§ **YOUR OBJECTIVE**
Number of lines with "restrict" in the data: give that figure by itself.

§ **RECORDS FOR PROCESSING**
=== Begin Enclosure ===

(* Let $N\geq 2$ be an integer and consider $2N+1$ qubits $a_1,\dots,a_{2N+1}$. Define the $(2N+1)$-qubit graph state $$|h_{2N+1}\rangle = CZ_{(1,2)}\,CZ_{(1,N+2)}\prod_{k=3}^{N+1}\Big[CZ_{(2,k)}\,CZ_{(k,N+2)}\,CZ_{(k,k+N)}\Big]\,|+\rangle^{\otimes(2N+1)},$$ equivalently $$|h_{2N+1}\rangle=\frac{1}{2^N\sqrt{2}}\sum_{q_1,\dots,q_{2N+1}\in\{0,1\}}(-1)^{f(q_1,\dots,q_{2N+1})}|q_1,q_2,\dots,q_{2N+1}\rangle,$$ where $f(q)=q_1q_2\oplus q_1q_{N+2}\oplus\bigoplus_{k=3}^{N+1}\big(q_2q_k\oplus q_kq_{N+2}\oplus q_kq_{k+N}\big)$ (with $\oplus$ addition mod 2). Then the geometric measure of entanglement of $|h_{2N+1}\rangle$ equals $N$, i.e. $G(|h_{2N+1}\rangle\langle h_{2N+1}|)=N$.
   Context: $|+\rangle=(|0\rangle+|1\rangle)/\sqrt2$. $CZ_{(j_1,j_2)}$ denotes the two-qubit controlled-$Z$ gate $\mathrm{diag}(1,1,1,-1)$ acting on qubits $a_{j_1},a_{j_2}$ (identity elsewhere). For a pure state $\rho$ on $(\mathbb{C}^2)^{\otimes(2N+1)}$, $\Lambda^2(\rho)=\max_{|\varphi\rangle}\langle\varphi|\rho|\varphi\rangle$, where the maximum is over fully product pure states $|\varphi\rangle=|\varphi_1\rangle\otimes\cdots\otimes|\varphi_{2N+1}\rangle$, and the geometric measure of entanglement is $G(\rho)=-2\log_2\Lambda(\rho)$. *)

theory Defs
  imports "HOL-Analysis.Analysis"
begin

text \<open>Computational basis of n qubits a_1..a_n: bit strings q with q j for j in {1..n}.\<close>
definition basis :: "nat \<Rightarrow> (nat \<Rightarrow> bool) set" where
  "basis n = {1..n} \<rightarrow>\<^sub>E (UNIV :: bool set)"

text \<open>A pure state on n qubits is given by its amplitudes psi q, q in basis n.
  A single-qubit pure state is a pair (alpha, beta) = alpha|0> + beta|1> of norm 1.\<close>
definition product_state :: "nat \<Rightarrow> (nat \<Rightarrow> complex \<times> complex) \<Rightarrow> bool" where
  "product_state n \<phi> \<longleftrightarrow>
     (\<forall>j\<in>{1..n}. (cmod (fst (\<phi> j)))^2 + (cmod (snd (\<phi> j)))^2 = 1)"

definition product_amp :: "nat \<Rightarrow> (nat \<Rightarrow> complex \<times> complex) \<Rightarrow> (nat \<Rightarrow> bool) \<Rightarrow> complex" where
  "product_amp n \<phi> q = (\<Prod>j\<in>{1..n}. if q j then snd (\<phi> j) else fst (\<phi> j))"

definition overlap :: "nat \<Rightarrow> (nat \<Rightarrow> complex \<times> complex) \<Rightarrow> ((nat \<Rightarrow> bool) \<Rightarrow> complex) \<Rightarrow> complex" where
  "overlap n \<phi> \<psi> = (\<Sum>q\<in>basis n. cnj (product_amp n \<phi> q) * \<psi> q)"
lemma weighted_average_deviation:
  fixes g w :: "'a \<Rightarrow> real"
  assumes g: "integrable M g" "\<And>y. 0 \<le> g y" "0 < (\<integral>y. g y \<partial>M)"
    and w: "w \<in> borel_measurable M" "\<And>y. \<bar>w y\<bar> \<le> B"
    and A: "A \<in> sets M" and dev: "AE y in M. \<bar>w y - a\<bar> \<le> \<eta> + C * indicator A y"
  shows "\<bar>(\<integral>y. g y * w y \<partial>M) / (\<integral>y. g y \<partial>M) - a\<bar> \<le> \<eta> + C * ((LINT y:A|M. g y) / (\<integral>y. g y \<partial>M))"
proof -
  define N where "N = (\<integral>y. g y \<partial>M)"
  have gw: "integrable M (\<lambda>y. g y * w y)" using g(1) w by (rule integrable_mult_bounded)
  have gA: "integrable M (\<lambda>y. indicator A y * g y)"
    using integrable_mult_indicator[OF A g(1)] by simp
  have "(\<integral>y. g y * w y \<partial>M) - a * N = (\<integral>y. g y * (w y - a) \<partial>M)"
    using g(1) gw by (simp add: N_def right_diff_distrib mult.commute)
  also have "\<bar>\<dots>\<bar> \<le> (\<integral>y. \<bar>g y * (w y - a)\<bar> \<partial>M)" by (rule integral_abs_bound)
  also have "\<dots> \<le> (\<integral>y. \<eta> * g y + C * (indicator A y * g y) \<partial>M)"
  proof (rule integral_mono_AE)
    show "AE y in M. \<bar>g y * (w y - a)\<bar> \<le> \<eta> * g y + C * (indicator A y * g y)"
      using dev
    proof eventually_elim
      case (elim y)
      have "\<bar>g y * (w y - a)\<bar> = g y * \<bar>w y - a\<bar>" using g(2)[of y] by (simp add: abs_mult)
      also have "\<dots> \<le> g y * (\<eta> + C * indicator A y)" using elim g(2) by (rule mult_left_mono)
      finally show ?case by (simp add: algebra_simps)
    qed
  qed (use g(1) gw gA in \<open>auto simp: right_diff_distrib\<close>)
  also have "\<dots> = \<eta> * N + C * (LINT y:A|M. g y)"
    using g(1) gA by (simp add: N_def set_lebesgue_integral_def)
  finally have bound: "\<bar>(\<integral>y. g y * w y \<partial>M) - a * N\<bar> \<le> \<eta> * N + C * (LINT y:A|M. g y)" .
  have "(\<integral>y. g y * w y \<partial>M) / N - a = ((\<integral>y. g y * w y \<partial>M) - a * N) / N"
    using g(3) by (simp add: N_def field_simps)
  then have "\<bar>(\<integral>y. g y * w y \<partial>M) / N - a\<bar> = \<bar>(\<integral>y. g y * w y \<partial>M) - a * N\<bar> / N"
    using g(3) by (simp add: N_def abs_of_pos)
  also have "\<dots> \<le> (\<eta> * N + C * (LINT y:A|M. g y)) / N"
    using bound g(3) by (intro divide_right_mono) (auto simp: N_def)
  also have "\<dots> = \<eta> + C * ((LINT y:A|M. g y) / N)" using g(3) by (simp add: N_def add_divide_distrib)
  finally show ?thesis by (simp add: N_def)
qed

lemma tendsto_within_deviation_bound:
  fixes w :: "'a::real_normed_vector \<Rightarrow> real"
  assumes "(w \<longlongrightarrow> w x) (at x within Z)" "\<And>y. \<bar>w y\<bar> \<le> B" "0 < e"
  obtains \<delta> where "0 < \<delta>" "\<And>y. y \<in> Z \<Longrightarrow> \<bar>w y - w x\<bar> \<le> e + 2 * B * indicator {y. \<delta> < norm (y - x)} y"
proof -
  obtain \<delta> where \<delta>: "0 < \<delta>" "\<And>y. y \<in> Z \<Longrightarrow> 0 < dist y x \<Longrightarrow> dist y x < \<delta> \<Longrightarrow> dist (w y) (w x) < e"
    using assms(1,3) unfolding Lim_within by blast
  have "0 < \<delta> / 2" using \<delta>(1) by simp
  moreover have "\<bar>w y - w x\<bar> \<le> e + 2 * B * indicator {y. \<delta> / 2 < norm (y - x)} y" if "y \<in> Z" for y
  proof (cases "\<delta> / 2 < norm (y - x)")
    case True
    then show ?thesis using assms(2)[of x] assms(2)[of y] assms(3) by (simp add: abs_le_iff)
  next
    case False
    then have "dist y x < \<delta>" using \<delta>(1) by (simp add: dist_norm)
    then show ?thesis
      using \<delta>(2)[OF that] assms(3) False by (cases "y = x") (auto simp: dist_real_def)
  qed
  ultimately show thesis by (rule that)
qed

lemma weighted_concentration_tendsto:
  fixes \<psi> :: "'b \<Rightarrow> 'a::real_normed_vector \<Rightarrow> real" and w :: "'a \<Rightarrow> real"
  assumes lam: "sets lam = sets borel" "AE y in lam. y \<in> Z"
    and w: "w \<in> borel_measurable lam" "\<And>y. \<bar>w y\<bar> \<le> B" "(w \<longlongrightarrow> w x) (at x within Z)"
    and \<psi>: "\<forall>\<^sub>F \<epsilon> in F. integrable lam (\<lambda>y. (\<psi> \<epsilon> y)\<^sup>2) \<and> 0 < (\<integral>y. (\<psi> \<epsilon> y)\<^sup>2 \<partial>lam)"
    and concentrated: "\<And>\<delta>. 0 < \<delta> \<Longrightarrow>
      ((\<lambda>\<epsilon>. (LINT y:{y. \<delta> < norm (y - x)}|lam. (\<psi> \<epsilon> y)\<^sup>2) / (\<integral>y. (\<psi> \<epsilon> y)\<^sup>2 \<partial>lam)) \<longlongrightarrow> 0) F"
  shows "((\<lambda>\<epsilon>. (\<integral>y. (\<psi> \<epsilon> y)\<^sup>2 * w y \<partial>lam) / (\<integral>y. (\<psi> \<epsilon> y)\<^sup>2 \<partial>lam)) \<longlongrightarrow> w x) F"
  unfolding tendsto_iff
proof (intro allI impI)
  fix e :: real assume "0 < e"
  then obtain \<delta> where \<delta>: "0 < \<delta>"
      "\<And>y. y \<in> Z \<Longrightarrow> \<bar>w y - w x\<bar> \<le> e / 2 + 2 * B * indicator {y. \<delta> < norm (y - x)} y"
    using tendsto_within_deviation_bound[OF w(3,2), of "e / 2"] by auto
  define A where "A = {y. \<delta> < norm (y - x)}"
  have A_sets: "A \<in> sets lam"
    unfolding A_def lam(1) by (intro borel_open open_Collect_less continuous_intros)
  have dev: "AE y in lam. \<bar>w y - w x\<bar> \<le> e / 2 + 2 * B * indicator A y"
    using lam(2) by eventually_elim (simp add: \<delta>(2) A_def)
  have B: "0 \<le> B" using w(2)[of x] by linarith
  define T where "T \<epsilon> = (LINT y:A|lam. (\<psi> \<epsilon> y)\<^sup>2) / (\<integral>y. (\<psi> \<epsilon> y)\<^sup>2 \<partial>lam)" for \<epsilon>
  have "(T \<longlongrightarrow> 0) F"
    unfolding T_def A_def using \<delta>(1) by (rule concentrated)
  then have "\<forall>\<^sub>F \<epsilon> in F. \<bar>T \<epsilon>\<bar> < e / (4 * B + 1)"
    using \<open>0 < e\<close> B by (auto simp: tendsto_iff dist_real_def)
  then have small_tail: "\<forall>\<^sub>F \<epsilon> in F. 2 * B * T \<epsilon> < e / 2"
  proof (rule eventually_mono)
    fix \<epsilon> assume "\<bar>T \<epsilon>\<bar> < e / (4 * B + 1)"
    then have "2 * B * T \<epsilon> \<le> 2 * B * (e / (4 * B + 1))" using B by (intro mult_left_mono) auto
    also have "\<dots> < e / 2" using B \<open>0 < e\<close> by (simp add: field_simps)
    finally show "2 * B * T \<epsilon> < e / 2" .
  qed
  show "\<forall>\<^sub>F \<epsilon> in F. dist ((\<integral>y. (\<psi> \<epsilon> y)\<^sup>2 * w y \<partial>lam) / (\<integral>y. (\<psi> \<epsilon> y)\<^sup>2 \<partial>lam)) (w x) < e"
    using \<psi> small_tail
  proof eventually_elim
    case (elim \<epsilon>)
    then have "\<bar>(\<integral>y. (\<psi> \<epsilon> y)\<^sup>2 * w y \<partial>lam) / (\<integral>y. (\<psi> \<epsilon> y)\<^sup>2 \<partial>lam) - w x\<bar> \<le> e / 2 + 2 * B * T \<epsilon>"
      unfolding T_def using w(1,2) A_sets dev by (intro weighted_average_deviation) auto
    then show ?case using elim by (simp add: dist_real_def)
  qed
qed

section \<open>Measures with a density on a variety\<close>

lemma power2_L2norm: "(L2norm M u)\<^sup>2 = (\<integral>y. (u y)\<^sup>2 \<partial>M)"
  unfolding L2norm_def by (rule real_sqrt_pow2) (auto intro: integral_nonneg_AE)

lemma closed_real_alg_variety:
  assumes "real_alg_variety Z" shows "closed Z"
proof -
  obtain P where P: "finite P" "\<forall>p\<in>P. polynomial_fun p" "Z = (\<Inter>p\<in>P. {x. p x = 0})"
    using assms by (auto simp: real_alg_variety_def)
  have "closed {x. p x = 0}" if "p \<in> P" for p
    using P(2) that by (intro closed_Collect_eq continuous_on_polynomial_fun continuous_on_const) auto
  then show ?thesis using P(3) by auto
qed

lemma Vd_iff: "p \<in> Vd d Z \<longleftrightarrow> (\<exists>q. poly_deg d q \<and> p = (\<lambda>y. if y \<in> Z then q y else 0))"
  unfolding Vd_def by blast

lemma Vd_eq_range_lincomb:
  "Vd d Z = range (\<lambda>c y. \<Sum>\<alpha>\<in>multi_indices d. c \<alpha> * (if y \<in> Z then monomial_fun \<alpha> y else 0))"
proof -
  have restrict: "(\<lambda>y. if y \<in> Z then \<Sum>\<alpha>\<in>multi_indices d. c \<alpha> * monomial_fun \<alpha> y else 0)
      = (\<lambda>y. \<Sum>\<alpha>\<in>multi_indices d. c \<alpha> * (if y \<in> Z then monomial_fun \<alpha> y else 0))" for c
    by (auto simp: fun_eq_iff)
  show ?thesis
  proof (intro set_eqI iffI)
    fix p assume "p \<in> Vd d Z"
    then obtain c where "p = (\<lambda>y. if y \<in> Z then \<Sum>\<alpha>\<in>multi_indices d. c \<alpha> * monomial_fun \<alpha> y else 0)"
      unfolding Vd_iff poly_deg_iff by blast
    then show "p \<in> range (\<lambda>c y. \<Sum>\<alpha>\<in>multi_indices d. c \<alpha> * (if y \<in> Z then monomial_fun \<alpha> y else 0))"
      unfolding restrict by blast
  next
    fix p assume "p \<in> range (\<lambda>c y. \<Sum>\<alpha>\<in>multi_indices d. c \<alpha> * (if y \<in> Z then monomial_fun \<alpha> y else 0))"
    then obtain c where "p = (\<lambda>y. if y \<in> Z then \<Sum>\<alpha>\<in>multi_indices d. c \<alpha> * monomial_fun \<alpha> y else 0)"
      unfolding restrict[symmetric] by blast
    then show "p \<in> Vd d Z" unfolding Vd_iff poly_deg_iff by blast
  qed
qed

locale variety_density =
  fixes Z X :: "(real^'n) set" and lam mu :: "(real^'n) measure" and f :: "real^'n \<Rightarrow> real"
  assumes closed_Z: "closed Z"
    and sets_lam: "sets lam = sets borel" and lam_outside_Z: "emeasure lam (UNIV - Z) = 0"
    and finite_mu: "finite_measure mu"
    and X_eq_support: "X = msupp mu" and compact_X: "compact X"
    and zariski_dense_X: "zariski_dense X Z"
    and continuous_f: "continuous_on X f" and f_pos: "\<forall>y\<in>X. f y > 0"
    and mu_eq_density: "mu = density lam (\<lambda>y. ennreal (f y) * indicator X y)"
begin

text \<open>Since \<open>inverse 0 = 0\<close>, \<open>inverse (dens y)\<close> is \<open>1 / f y\<close> on \<open>X\<close> and vanishes off \<open>X\<close>.\<close>

definition dens :: "real^'n \<Rightarrow> real" where
  "dens y = indicator X y * f y"

lemma closed_X: "closed X"
  using compact_X by (rule compact_imp_closed)

lemma dens_measurable: "dens \<in> borel_measurable lam"
proof -
  have "(\<lambda>y. indicator X y *\<^sub>R f y) \<in> borel_measurable borel"
    using closed_X continuous_f by (intro borel_measurable_continuous_on_indicator) auto
  then show ?thesis by (simp add: dens_def[abs_def] measurable_cong_sets[OF sets_lam refl])
qed

lemma dens_nonneg: "0 \<le> dens y"
  using f_pos by (auto simp: dens_def indicator_def less_imp_le)

lemma mu_eq: "mu = density lam dens"
proof -
  have "(\<lambda>y. ennreal (f y) * indicator X y) = (\<lambda>y. ennreal (dens y))"
    by (auto simp: dens_def indicator_def)
  then show ?thesis using mu_eq_density by simp
qed

lemma sets_mu: "sets mu = sets borel"
  by (simp add: mu_eq sets_lam)

lemma measurable_mu_iff: "g \<in> borel_measurable mu \<longleftrightarrow> g \<in> borel_measurable lam"
  by (simp add: measurable_cong_sets[OF sets_mu refl] measurable_cong_sets[OF sets_lam refl])

lemma AE_mu_iff: "(AE y in mu. P y) \<longleftrightarrow> (AE y in lam. 0 < dens y \<longrightarrow> P y)"
proof -
  have "(\<lambda>y. ennreal (dens y)) \<in> borel_measurable lam"
    using measurable_compose[OF dens_measurable measurable_ennreal] .
  then show ?thesis unfolding mu_eq by (subst AE_density) simp_all
qed

lemma AE_lam_Z: "AE y in lam. y \<in> Z"
proof -
  have "UNIV - Z \<in> sets lam" using closed_Z sets_lam by auto
  then show ?thesis
    using lam_outside_Z sets_eq_imp_space_eq[OF sets_lam] by (subst AE_iff_measurable) auto
qed

lemma AE_mu_Z: "AE y in mu. y \<in> Z"
  using AE_lam_Z unfolding AE_mu_iff by eventually_elim simp

lemma AE_mu_X: "AE y in mu. y \<in> X"
  unfolding AE_mu_iff by (intro AE_I2) (auto simp: dens_def indicator_def)

lemma disjoint_support_if_null:
  assumes "open U" "AE y in mu. y \<notin> U" shows "U \<inter> X = {}"
proof -
  have "emeasure mu U = 0"
    using assms sets_mu sets_eq_imp_space_eq[OF sets_mu] by (subst (asm) AE_iff_measurable) auto
  then show ?thesis using assms(1) unfolding X_eq_support msupp_def by auto
qed

lemma X_subset_Z: "X \<subseteq> Z"
  using disjoint_support_if_null[of "- Z"] closed_Z AE_mu_Z by auto

lemma integral_mu: "u \<in> borel_measurable lam \<Longrightarrow> (\<integral>y. u y \<partial>mu) = (\<integral>y. dens y * u y \<partial>lam)"
  unfolding mu_eq using dens_measurable dens_nonneg by (subst integral_density) auto

lemma integrable_mu:
  "u \<in> borel_measurable lam \<Longrightarrow> integrable mu u \<longleftrightarrow> integrable lam (\<lambda>y. dens y * u y)"
  unfolding mu_eq using dens_measurable dens_nonneg by (subst integrable_density) auto

lemma Vd_measurable:
  assumes "p \<in> Vd d Z" shows "p \<in> borel_measurable lam"
proof -
  obtain q where q: "poly_deg d q" "p = (\<lambda>y. if y \<in> Z then q y else 0)"
    using assms by (auto simp: Vd_iff)
  have "(\<lambda>y. indicator Z y *\<^sub>R q y) \<in> borel_measurable borel"
    using closed_Z continuous_on_poly_deg[OF q(1)] by (intro borel_measurable_continuous_on_indicator) auto
  moreover have "p = (\<lambda>y. indicator Z y *\<^sub>R q y)" using q(2) by (auto simp: indicator_def)
  ultimately show ?thesis by (simp add: measurable_cong_sets[OF sets_lam refl])
qed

=== End Enclosure ===

§ **EXERCISE SOLUTION**
3